Ali Raza on 9 Sep 2020
function matrix = sparse2matrix(x)
M = x{1};
m = ones(M(1),M(2)) * x{2};
[~,len] = size(x);
if len == 3
i = 3;
m(x{i}(1),x{i}(2)) = x{i}(3);
else
for i = 3:len
m(x{i}(1),x{i}(2)) = x{i}(3);
end
end
matrix = m;
end

#### 1 Comment

Walter Roberson on 9 Sep 2020
What is your reason for treating len == 3 differently ?

Mukul Rai on 22 Oct 2020
Edited: Mukul Rai on 22 Oct 2020
function matrix = sparse2matrix(a)
asize=length(a);
r = a{1}(1,1);
c = a{1}(1,2);
z = zeros(r,c)
z(:)= a{2};
if asize<=2
matrix =z
return
end
for jj=3:asize
r1 = a{jj}(1,1);
c1 = a{jj}(1,2);
n1 = a{jj}(1,3);
z(r1,c1)=n1
end
matrix =z

Abdul Quadir Khan on 6 Nov 2020
function matrix = sparse2matrix (cellvec)
m = cellvec{1}(1,1);
n = cellvec{1}(1,2);
defult = ones(m,n) .* cellvec{1,2};
for i= 3:length(cellvec)
r1 = cellvec{i}(1,1);
c1 = cellvec{i}(1,2);
defult(r1,c1) = cellvec{i}(1,3);
end
matrix = defult;
end

zehra ülgen on 12 Nov 2020
Here is another solution..
function m = sparse2matrix(a)
[t c] = size(a);
m = zeros(a{1,1});
[x y] = size(m);
for ii = 1:x;
for jj = 1:y;
m(ii,jj) = a{1,2};
end
end
for i = 3:c;
v = a(1,i);
m(v{1,1}(1,1),v{1,1}(1,2)) = v{1,1}(1,3);
end

Alberto Gil on 29 Dec 2020 at 22:04
Edited: Alberto Gil on 29 Dec 2020 at 22:05
Hello people,
function matrix=sparse2matrix(cll)
if iscell(cll)==1
% Declare values, cs=size of the array; cdn=the nominal value; N=greatest value;
cs=cll{1,1}; cdn=cll{1,2}; N=size(cll,2);
% Create the matrix with the nominal value and the size.
cm=ones(cs)*cdn;
for n=3:N;
cxdn=cll{1,n};
% Select the values of the input values.
cm(cxdn(1,1), cxdn(1,2))=cxdn(1,3);
end
matrix= cm;
else
error('The input must be a cell class');
end
end

#### 1 Comment

Walter Roberson on 30 Dec 2020 at 21:15
The question does not seem to require that you verify that the input is a cell.
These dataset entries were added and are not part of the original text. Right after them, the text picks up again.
(* Let $p\in[1,\infty)$, $s>2p$, let $\gamma_S$ be a finite Borel measure on $S$ with $\gamma_S(S)>0$, and let $\mu\in\mathcal P_s(X)$. Let $X_1,\dots,X_n$ be i.i.d. with law $\mu$ and $\mu^n:=\frac1n\sum_{k=1}^n\delta_{X_k}$. Then $$\mathbb E\,SW_p^\gamma(\mu^n,\mu)\le C\,n^{-\frac1{2p}},$$ where $C$ depends only on $p$, $s$ and $M_s(\mu)$.
   Context: $X$ is an infinite-dimensional separable real Hilbert space with inner product $\langle\cdot,\cdot\rangle$ and norm $\|\cdot\|$; $S=\{x\in X:\|x\|=1\}$. $\mathcal P_s(X)$ is the set of Borel probability measures on $X$ with $M_s(\mu):=\int_X\|x\|^s\,d\mu<\infty$. For $\theta\in S$, $P_\theta(x)=\langle\theta,x\rangle$, $\hat\mu_\theta:=P_\theta\#\mu$, and $$SW_p^\gamma(\mu,\nu)=\Big(\frac{1}{\gamma_S(S)}\int_S W_p^p(\hat\mu_\theta,\hat\nu_\theta)\,\gamma_S(d\theta)\Big)^{1/p},$$ with $W_p$ the $p$-Wasserstein distance between probability measures on $\mathbb R$. *)

theory Defs
  imports "HOL-Probability.Probability"
begin

definition couplings :: "real measure \<Rightarrow> real measure \<Rightarrow> (real \<times> real) measure set" where
  "couplings \<mu> \<nu> = {\<pi>. prob_space \<pi> \<and> sets \<pi> = sets (borel :: (real \<times> real) measure)
      \<and> distr \<pi> borel fst = \<mu> \<and> distr \<pi> borel snd = \<nu>}"
text \<open>Uniform continuity, from compactness of the full shift.\<close>
lemma continuous_map_on_sliding_block_radius:
  fixes X :: "(int \<Rightarrow> 'a::finite) set" and f :: "(int \<Rightarrow> 'a) \<Rightarrow> (int \<Rightarrow> 'b)"
  assumes "closed_set X" and "continuous_map_on X f"
  shows "\<exists>r. sliding_block_radius f X r"
proof (rule ccontr)
  assume "\<nexists>r. sliding_block_radius f X r"
  then have "\<forall>m. \<exists>u w. u \<in> X \<and> w \<in> X \<and> agree m u w \<and> f u 0 \<noteq> f w 0"
    unfolding sliding_block_radius_def by metis
  then obtain U W where UW: "\<And>m. U m \<in> X \<and> W m \<in> X \<and> agree m (U m) (W m) \<and> f (U m) 0 \<noteq> f (W m) 0"
    by metis
  obtain p where p: "\<And>m. infinite {k. agree m (U k) p}"
    using agree_cluster_point by blast
  have "\<exists>u\<in>X. agree m u p" for m
  proof -
    obtain k where "agree m (U k) p" using p[of m] by (metis empty_Collect_eq finite.emptyI)
    then show ?thesis using UW by blast
  qed
  then have "p \<in> X" using assms(1) unfolding closed_set_def by blast
  then obtain M where M: "\<And>q. q \<in> X \<Longrightarrow> agree M q p \<Longrightarrow> agree 0 (f q) (f p)"
    using assms(2) unfolding continuous_map_on_def by blast
  have "\<not> {k. agree M (U k) p} \<subseteq> {..<M}"
    using p[of M] finite_subset by blast
  then obtain k where k: "M \<le> k" "agree M (U k) p" by (auto simp: not_less subset_iff)
  have "agree M (W k) p"
    using agree_mono[of k "U k" "W k" M] k UW[of k] by (simp add: agree_def)
  then have "agree 0 (f (U k)) (f p)" "agree 0 (f (W k)) (f p)"
    using M UW k(2) by blast+
  then show False using UW[of k] by (simp add: agree_def)
qed
(* Let $K$ satisfy $m:=\binom K2\ge8$, and let $\Omega=\{0,1\}^{\binom{[K]}{2}}$ (vectors indexed by 2-element subsets of $[K]$) with Hamming distance $d_H$. For a permutation $\sigma$ of $[K]$ and $\omega\in\Omega$ define $T_\sigma(\omega)\in\Omega$ by $T_\sigma(\omega)_{\{k,k'\}}=\omega_{\{\sigma(k),\sigma(k')\}}$. Then there exists $\Omega''\subseteq\Omega$ such that $\mathbf 0\in\Omega''$, for all distinct $\omega_1,\omega_2\in\Omega''$ $$\min_{\sigma}d_H(T_\sigma(\omega_1),\omega_2)\ge\frac{1}{17}\binom K2,$$ the minimum being over all permutations of $[K]$, and $|\Omega''|\ge1+2^{\frac18\binom K2}/K!$.
   Context: $d_H(\omega,\omega')$ is the number of coordinates in which $\omega$ and $\omega'$ differ. (For the matrix $\mathtt B(\omega)$ with $\mathtt B_{kk}=1/2$, $\mathtt B_{kk'}=1/4+\omega_{\{k,k'\}}\mu/n$, the map $T_\sigma$ corresponds to conjugation $\mathtt B(\omega)\mapsto\Pi\mathtt B(\omega)\Pi^{\mathrm T}$ by a permutation matrix.) *)

theory Defs
  imports Complex_Main "HOL-Combinatorics.Permutations"
begin

definition pairs :: "nat \<Rightarrow> nat set set" where
  "pairs K = {e. e \<subseteq> {1..K} \<and> card e = 2}"

definition Omega :: "nat \<Rightarrow> (nat set \<Rightarrow> nat) set" where
  "Omega K = {w. (\<forall>e\<in>pairs K. w e \<in> {0,1}) \<and> (\<forall>e. e \<notin> pairs K \<longrightarrow> w e = 0)}"

definition zeroVec :: "nat set \<Rightarrow> nat" where
  "zeroVec = (\<lambda>e. 0)"

definition dH :: "nat \<Rightarrow> (nat set \<Rightarrow> nat) \<Rightarrow> (nat set \<Rightarrow> nat) \<Rightarrow> nat" where
  "dH K w w' = card {e \<in> pairs K. w e \<noteq> w' e}"

definition Tperm :: "nat \<Rightarrow> (nat \<Rightarrow> nat) \<Rightarrow> (nat set \<Rightarrow> nat) \<Rightarrow> (nat set \<Rightarrow> nat)" where
  "Tperm K \<sigma> w = (\<lambda>e. if e \<in> pairs K then w (\<sigma> ` e) else 0)"

end

theory Submission imports Defs begin

text \<open>
Call \<open>w\<^sub>1\<close> and \<open>w\<^sub>2\<close> close if some relabelling \<open>T\<^sub>\<sigma> w\<^sub>1\<close> lies at Hamming distance
\<open>< m/17\<close> from \<open>w\<^sub>2\<close>, where \<open>m = K choose 2\<close>. A Hamming ball of radius \<open>t\<close> in \<open>{0,1}\<^sup>m\<close>
has at most \<open>(17/16)\<^sup>m 16\<^sup>t\<close> points (weight each point of the ball by \<open>16\<^bsup>t - d\<^esup> \<ge> 1\<close>
and sum over the whole cube), so every vector has at most \<open>2 K! (17/16)\<^sup>m 16\<^bsup>m/17\<^esup>\<close>
close neighbours. A greedy maximal set of pairwise non-close vectors containing \<open>0\<close>
therefore has at least \<open>2\<^sup>m\<close> divided by that degree bound (plus one) elements, which
beats \<open>1 + 2\<^bsup>m/8\<^esup>/K!\<close> once \<open>m \<ge> 8\<close>. When \<open>2\<^bsup>m/8\<^esup> \<le> K!\<close> the set \<open>{0, 1}\<close> already
suffices, since both constant vectors are fixed by every \<open>T\<^sub>\<sigma>\<close>.
\<close>

lemma exists_independent_set_card_ge:
  fixes U :: "'a set" and R :: "'a \<Rightarrow> 'a \<Rightarrow> bool" and B :: real
  assumes fin: "finite U" and x0: "x0 \<in> U"
    and deg: "\<And>x. x \<in> U \<Longrightarrow> real (card {y\<in>U. y \<noteq> x \<and> (R x y \<or> R y x)}) \<le> B"
  shows "\<exists>S\<subseteq>U. x0 \<in> S \<and> (\<forall>a\<in>S. \<forall>b\<in>S. a \<noteq> b \<longrightarrow> \<not> R a b)
           \<and> real (card U) \<le> real (card S) * (B + 1)"
proof -
  let ?P = "\<lambda>S. S \<subseteq> U \<and> x0 \<in> S \<and> (\<forall>a\<in>S. \<forall>b\<in>S. a \<noteq> b \<longrightarrow> \<not> R a b)"
  have P0: "?P {x0}" using x0 by auto
  have bounded: "\<forall>S. ?P S \<longrightarrow> card S < card U + 1"
    using fin by (auto simp: less_Suc_eq_le card_mono)
  obtain S where PS: "?P S" and max: "\<And>T. ?P T \<Longrightarrow> card T \<le> card S"
    using ex_has_greatest_nat[OF P0 bounded] by blast
  define N where "N x = {y\<in>U. y \<noteq> x \<and> (R x y \<or> R y x)}" for x
  have finS: "finite S" using PS fin finite_subset by blast
  have cover: "U \<subseteq> S \<union> (\<Union>s\<in>S. N s)"
  proof
    fix y assume y: "y \<in> U"
    show "y \<in> S \<union> (\<Union>s\<in>S. N s)"
    proof (rule ccontr)
      assume y_new: "y \<notin> S \<union> (\<Union>s\<in>S. N s)"
      then have "?P (insert y S)" using PS y unfolding N_def by auto
      then have "card (insert y S) \<le> card S" by (rule max)
      moreover have "card (insert y S) = Suc (card S)" using finS y_new by simp
      ultimately show False by simp
    qed
  qed
  have "card U \<le> card (S \<union> (\<Union>s\<in>S. N s))"
    using cover fin finS by (intro card_mono) (auto simp: N_def)
  also have "\<dots> \<le> card S + card (\<Union>s\<in>S. N s)" by (rule card_Un_le)
  also have "\<dots> \<le> card S + (\<Sum>s\<in>S. card (N s))" by (intro add_left_mono card_UN_le[OF finS])
  finally have "real (card U) \<le> real (card S) + (\<Sum>s\<in>S. real (card (N s)))"
    unfolding of_nat_sum[symmetric] of_nat_add[symmetric] of_nat_le_iff .
  also have "(\<Sum>s\<in>S. real (card (N s))) \<le> (\<Sum>s\<in>S. B)"
    using PS deg by (intro sum_mono) (auto simp: N_def)
  finally have "real (card U) \<le> real (card S) * (B + 1)" by (simp add: algebra_simps)
  then show ?thesis using PS by blast
qed
theorem mainTheorem4:
  fixes M :: "'m measure" and \<Xi> :: "'c measure"
    and N :: nat and L \<mu> G :: real and \<sigma> :: "nat \<Rightarrow> real"
    and F :: "nat \<Rightarrow> 'a::euclidean_space \<Rightarrow> real" and gradF :: "nat \<Rightarrow> 'a \<Rightarrow> 'a"
    and g :: "nat \<Rightarrow> 'a \<Rightarrow> 'c \<Rightarrow> 'a"
    and wstar :: 'a and \<eta> :: "nat \<Rightarrow> real"
    and w :: "nat \<Rightarrow> 'm \<Rightarrow> 'a" and \<xi> :: "nat \<Rightarrow> nat \<Rightarrow> 'm \<Rightarrow> 'c" and s :: "nat \<Rightarrow> 'm \<Rightarrow> nat"
    and t :: nat
  assumes P: "prob_space M"
    and N: "N \<ge> 1"
    and L: "L > 0" and mu: "\<mu> > 0"
    and grad: "\<And>k. k \<in> {1..N} \<Longrightarrow> is_gradient (F k) (gradF k)"
    and smooth: "\<And>k. k \<in> {1..N} \<Longrightarrow> L_smooth L (F k) (gradF k)"
    and sconv: "\<And>k. k \<in> {1..N} \<Longrightarrow> strongly_convex \<mu> (F k) (gradF k)"
    and wstar: "\<And>x. (1 / real N) * (\<Sum>k=1..N. F k wstar) \<le> (1 / real N) * (\<Sum>k=1..N. F k x)"
    \<comment> \<open>stochastic gradients: measurable, unbiased, bounded variance, bounded second moment\<close>
    and g_meas: "\<And>k. k \<in> {1..N} \<Longrightarrow> (\<lambda>(x, z). g k x z) \<in> borel_measurable (borel \<Otimes>\<^sub>M \<Xi>)"
    and unbiased: "\<And>r k x. k \<in> {1..N} \<Longrightarrow>
        integrable M (\<lambda>\<omega>. g k x (\<xi> r k \<omega>)) \<and> integral\<^sup>L M (\<lambda>\<omega>. g k x (\<xi> r k \<omega>)) = gradF k x"
    and var: "\<And>r k. k \<in> {1..N} \<Longrightarrow>
        integrable M (\<lambda>\<omega>. (norm (g k (w r \<omega>) (\<xi> r k \<omega>) - gradF k (w r \<omega>)))\<^sup>2) \<and>
        integral\<^sup>L M (\<lambda>\<omega>. (norm (g k (w r \<omega>) (\<xi> r k \<omega>) - gradF k (w r \<omega>)))\<^sup>2) \<le> (\<sigma> k)\<^sup>2"
    and second: "\<And>r k. k \<in> {1..N} \<Longrightarrow>
        integrable M (\<lambda>\<omega>. (norm (g k (w r \<omega>) (\<xi> r k \<omega>)))\<^sup>2) \<and>
        integral\<^sup>L M (\<lambda>\<omega>. (norm (g k (w r \<omega>) (\<xi> r k \<omega>)))\<^sup>2) \<le> G\<^sup>2"
    \<comment> \<open>random variables and their independence\<close>
    and w_meas: "\<And>r. w r \<in> borel_measurable M"
    and w_sq: "\<And>r. integrable M (\<lambda>\<omega>. (norm (w r \<omega> - wstar))\<^sup>2)"
    and xi_meas: "\<And>r k. k \<in> {1..N} \<Longrightarrow> \<xi> r k \<in> measurable M \<Xi>"
    and s_meas: "\<And>r. s r \<in> measurable M (count_space UNIV)"
    and s_range: "\<And>r \<omega>. \<omega> \<in> space M \<Longrightarrow> s r \<omega> \<in> {1..N}"
    and s_unif: "\<And>r k. k \<in> {1..N} \<Longrightarrow> prob_space.prob M {\<omega> \<in> space M. s r \<omega> = k} = 1 / real N"
    and indep_xi: "\<And>r. prob_space.indep_vars M (\<lambda>_. \<Xi>) (\<xi> r) {1..N}"
    and indep_xi_s: "\<And>r. indep_rv M (PiM {1..N} (\<lambda>_. \<Xi>)) (\<lambda>\<omega>. (\<lambda>k\<in>{1..N}. \<xi> r k \<omega>))
                                         (count_space UNIV) (s r)"
    and indep_w: "\<And>r. indep_rv M borel (w r)
                        (PiM {1..N} (\<lambda>_. \<Xi>) \<Otimes>\<^sub>M count_space UNIV) (\<lambda>\<omega>. (\<lambda>k\<in>{1..N}. \<xi> r k \<omega>, s r \<omega>))"
    \<comment> \<open>the iteration\<close>
    and iter: "\<And>r \<omega>. \<omega> \<in> space M \<Longrightarrow>
        w (Suc r) \<omega> = w r \<omega> - \<eta> r *\<^sub>R g (s r \<omega>) (w r \<omega>) (\<xi> r (s r \<omega>) \<omega>)"
    \<comment> \<open>step sizes\<close>
    and eta_pos: "\<And>r. \<eta> r > 0"
    and eta_L: "\<And>r. \<eta> r \<le> 1 / L"
    and eta_mono: "\<And>r. \<eta> (Suc r) \<le> \<eta> r"
    and eta_2: "\<And>r. \<eta> r \<le> 2 * \<eta> (Suc r)"
  shows "(let \<Delta> = (\<lambda>r. integral\<^sup>L M (\<lambda>\<omega>. (norm (w r \<omega> - wstar))\<^sup>2));
              \<Gamma> = (1 / real N) * (\<Sum>k=1..N. F k wstar) - (1 / real N) * (\<Sum>k=1..N. (INF x. F k x));
              B = (1 / (real N)\<^sup>2) * (\<Sum>k=1..N. (\<sigma> k)\<^sup>2) + 2 * L * \<Gamma> + G\<^sup>2
          in \<Delta> (Suc t) \<le> (1 - \<mu> * \<eta> t) * \<Delta> t + (\<eta> t)\<^sup>2 * B)"
proof -
  interpret prob_space M by (rule P)
  interpret step: random_task_step M \<Xi> N g gradF "w t" "\<xi> t" "s t"
  proof unfold_locales
    show "indep_rv M borel (w t) (\<Xi> \<Otimes>\<^sub>M count_space UNIV) (\<lambda>\<omega>. (\<xi> t k \<omega>, s t \<omega>))"
      if "k \<in> {1..N}" for k
      using indep_rv_component_pair[OF indep_w that] .
    show "indep_rv M \<Xi> (\<xi> t k) (count_space UNIV) (s t)" if "k \<in> {1..N}" for k
      using indep_rv_component[OF indep_xi_s that] .
  qed (use N g_meas unbiased s_range s_unif in auto)
  have minimal: "(\<Sum>k=1..N. F k wstar) \<le> (\<Sum>k=1..N. F k x)" for x
    using wstar[of x] N by (simp add: divide_le_cancel)
  define \<Gamma> where "\<Gamma> = (1 / real N) * (\<Sum>k=1..N. F k wstar) - (1 / real N) * (\<Sum>k=1..N. (INF x. F k x))"
  define B where "B = (1 / (real N)\<^sup>2) * (\<Sum>k=1..N. (\<sigma> k)\<^sup>2) + 2 * L * \<Gamma> + G\<^sup>2"
  have "0 \<le> \<Gamma>"
    unfolding \<Gamma>_def using sum_INF_le_if_strongly_convex[where I = "{1..N}" and f = F and y = wstar, OF sconv mu] N
    by (simp add: divide_le_cancel)
  then have "G\<^sup>2 \<le> B"
    unfolding B_def using L by (simp add: sum_nonneg)
  have "(\<integral>\<omega>. (norm (w (Suc t) \<omega> - wstar))\<^sup>2 \<partial>M)
      = (\<integral>\<omega>. (norm (w t \<omega> - \<eta> t *\<^sub>R g (s t \<omega>) (w t \<omega>) (\<xi> t (s t \<omega>) \<omega>) - wstar))\<^sup>2 \<partial>M)"
    by (rule Bochner_Integration.integral_cong) (simp_all add: iter)
  also have "\<dots> \<le> (1 - \<mu> * \<eta> t) * (\<integral>\<omega>. (norm (w t \<omega> - wstar))\<^sup>2 \<partial>M) + (\<eta> t)\<^sup>2 * G\<^sup>2"
    using second eta_pos[of t]
    by (intro step.integral_sq_dist_step_le[OF sconv minimal w_sq]) (auto simp: less_imp_le)
  also have "\<dots> \<le> (1 - \<mu> * \<eta> t) * (\<integral>\<omega>. (norm (w t \<omega> - wstar))\<^sup>2 \<partial>M) + (\<eta> t)\<^sup>2 * B"
    using \<open>G\<^sup>2 \<le> B\<close> by (simp add: mult_left_mono)
  finally show ?thesis
    unfolding Let_def B_def \<Gamma>_def .
qed
lemma LFI3_derives_Union_chain:
  assumes "LFI3_derives (\<Union>\<C>) \<phi>" and "\<C> \<noteq> {}" and "subset.chain \<A> \<C>"
  shows "\<exists>X\<in>\<C>. LFI3_derives X \<phi>"
proof -
  obtain F where F: "finite F" "F \<subseteq> \<Union>\<C>" "LFI3_derives F \<phi>"
    using assms(1) by (rule LFI3_derives_finite_subset)
  obtain X where "X \<in> \<C>" "F \<subseteq> X"
    using finite_subset_Union_chain[OF F(1,2) assms(2,3)] .
  with F(3) show ?thesis by (blast intro: LFI3_derives_mono)
qed

locale LFI3_saturated =
  fixes \<Delta> :: "fm set" and \<alpha> :: fm
  assumes not_derives: "\<not> LFI3_derives \<Delta> \<alpha>"
    and derives_insert: "\<phi> \<notin> \<Delta> \<Longrightarrow> LFI3_derives (insert \<phi> \<Delta>) \<alpha>"

lemma LFI3_lindenbaum:
  assumes "\<not> LFI3_derives \<Gamma> \<alpha>"
  obtains \<Delta> where "\<Gamma> \<subseteq> \<Delta>" "LFI3_saturated \<Delta> \<alpha>"
proof -
  let ?A = "{\<Delta>. \<Gamma> \<subseteq> \<Delta> \<and> \<not> LFI3_derives \<Delta> \<alpha>}"
  have "\<exists>M\<in>?A. \<forall>X\<in>?A. M \<subseteq> X \<longrightarrow> X = M"
  proof (rule subset_Zorn_nonempty)
    show "?A \<noteq> {}" using assms by blast
  next
    fix \<C> assume "\<C> \<noteq> {}" and chain: "subset.chain ?A \<C>"
    then have "\<Gamma> \<subseteq> \<Union>\<C>" unfolding subset_chain_def by blast
    moreover have "\<not> LFI3_derives (\<Union>\<C>) \<alpha>"
      using LFI3_derives_Union_chain[OF _ \<open>\<C> \<noteq> {}\<close> chain] chain
      by (auto simp: subset_chain_def)
    ultimately show "\<Union>\<C> \<in> ?A" by blast
  qed
  then obtain \<Delta> where "\<Delta> \<in> ?A" and maximal: "\<forall>X\<in>?A. \<Delta> \<subseteq> X \<longrightarrow> X = \<Delta>" by blast
  have "LFI3_saturated \<Delta> \<alpha>"
  proof
    show "\<not> LFI3_derives \<Delta> \<alpha>" using \<open>\<Delta> \<in> ?A\<close> by blast
    fix \<phi> assume "\<phi> \<notin> \<Delta>"
    then have "insert \<phi> \<Delta> \<notin> ?A" using maximal by blast
    with \<open>\<Delta> \<in> ?A\<close> show "LFI3_derives (insert \<phi> \<Delta>) \<alpha>" by blast
  qed
  with \<open>\<Delta> \<in> ?A\<close> that show ?thesis by blast
qed

definition canonical_value :: "fm set \<Rightarrow> fm \<Rightarrow> tv" where
  "canonical_value \<Delta> \<phi> = (\<phi> \<in> \<Delta>, Neg \<phi> \<in> \<Delta>, Neg (Circ \<phi>) \<in> \<Delta>)"

context LFI3_saturated
begin

lemma derives_iff_mem: "LFI3_derives \<Delta> \<phi> \<longleftrightarrow> \<phi> \<in> \<Delta>"
proof
  assume "LFI3_derives \<Delta> \<phi>"
  show "\<phi> \<in> \<Delta>"
  proof (rule ccontr)
    assume "\<phi> \<notin> \<Delta>"
    then have "LFI3_derives \<Delta> (Imp \<phi> \<alpha>)" by (intro LFI3_deduction derives_insert)
    with \<open>LFI3_derives \<Delta> \<phi>\<close> show False using not_derives LFI3_derives.mp by blast
  qed
qed (rule LFI3_derives.hyp)

lemma ax_mem: "LFI3_ax \<phi> \<Longrightarrow> \<phi> \<in> \<Delta>"
  using derives_iff_mem LFI3_derives.ax by blast

lemma mbC_ax_mem: "mbC_ax \<phi> \<Longrightarrow> \<phi> \<in> \<Delta>"
  by (intro ax_mem LFI3_ax.mbC)

lemma mem_mp: "Imp \<phi> \<psi> \<in> \<Delta> \<Longrightarrow> \<phi> \<in> \<Delta> \<Longrightarrow> \<psi> \<in> \<Delta>"
  using derives_iff_mem LFI3_derives.mp by blast

lemma mem_Disj [simp]: "Disj \<phi> \<psi> \<in> \<Delta> \<longleftrightarrow> \<phi> \<in> \<Delta> \<or> \<psi> \<in> \<Delta>"
proof
  assume "Disj \<phi> \<psi> \<in> \<Delta>"
  show "\<phi> \<in> \<Delta> \<or> \<psi> \<in> \<Delta>"
  proof (rule ccontr)
    assume "\<not> (\<phi> \<in> \<Delta> \<or> \<psi> \<in> \<Delta>)"
    then have "LFI3_derives \<Delta> (Imp \<phi> \<alpha>)" "LFI3_derives \<Delta> (Imp \<psi> \<alpha>)"
      by (auto intro: LFI3_deduction derives_insert)
    moreover have "LFI3_derives \<Delta> (Imp (Imp \<phi> \<alpha>) (Imp (Imp \<psi> \<alpha>) (Imp (Disj \<phi> \<psi>) \<alpha>)))"
      by (intro LFI3_derives_mbC_ax mbC_ax.ax8)
    ultimately have "LFI3_derives \<Delta> \<alpha>"
      using \<open>Disj \<phi> \<psi> \<in> \<Delta>\<close> by (meson LFI3_derives.hyp LFI3_derives.mp)
    with not_derives show False ..
  qed
next
  assume "\<phi> \<in> \<Delta> \<or> \<psi> \<in> \<Delta>"
  then show "Disj \<phi> \<psi> \<in> \<Delta>"
    using mem_mp mbC_ax_mem[OF mbC_ax.ax6] mbC_ax_mem[OF mbC_ax.ax7] by blast
qed

lemma mem_Imp [simp]: "Imp \<phi> \<psi> \<in> \<Delta> \<longleftrightarrow> (\<phi> \<in> \<Delta> \<longrightarrow> \<psi> \<in> \<Delta>)"
  using mem_mp mbC_ax_mem[OF mbC_ax.ax1, of \<psi> \<phi>] mbC_ax_mem[OF mbC_ax.ax9, of \<phi> \<psi>] by auto

lemma mem_Conj [simp]: "Conj \<phi> \<psi> \<in> \<Delta> \<longleftrightarrow> \<phi> \<in> \<Delta> \<and> \<psi> \<in> \<Delta>"
  using mbC_ax_mem[OF mbC_ax.ax3, of \<phi> \<psi>] mbC_ax_mem[OF mbC_ax.ax4, of \<phi> \<psi>]
    mbC_ax_mem[OF mbC_ax.ax5, of \<phi> \<psi>]
  by auto

lemma mem_Iff [simp]: "Iff \<phi> \<psi> \<in> \<Delta> \<longleftrightarrow> (\<phi> \<in> \<Delta> \<longleftrightarrow> \<psi> \<in> \<Delta>)"
  by (auto simp: Iff_def)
xin yi leow on 19 Jan 2021 at 17:46
function matrix=sparse2matrix(cellx)
matrix=zeros(cellx{1});
matrix(:,:)=cellx{2};
for ii=3:length(cellx)
num=cellx{ii};
matrix(num(1),num(2))=num(3);
end
end

#### 1 Comment

Rik on 19 Jan 2021 at 18:10
What does this answer add? What does it teach? Why should it not be deleted?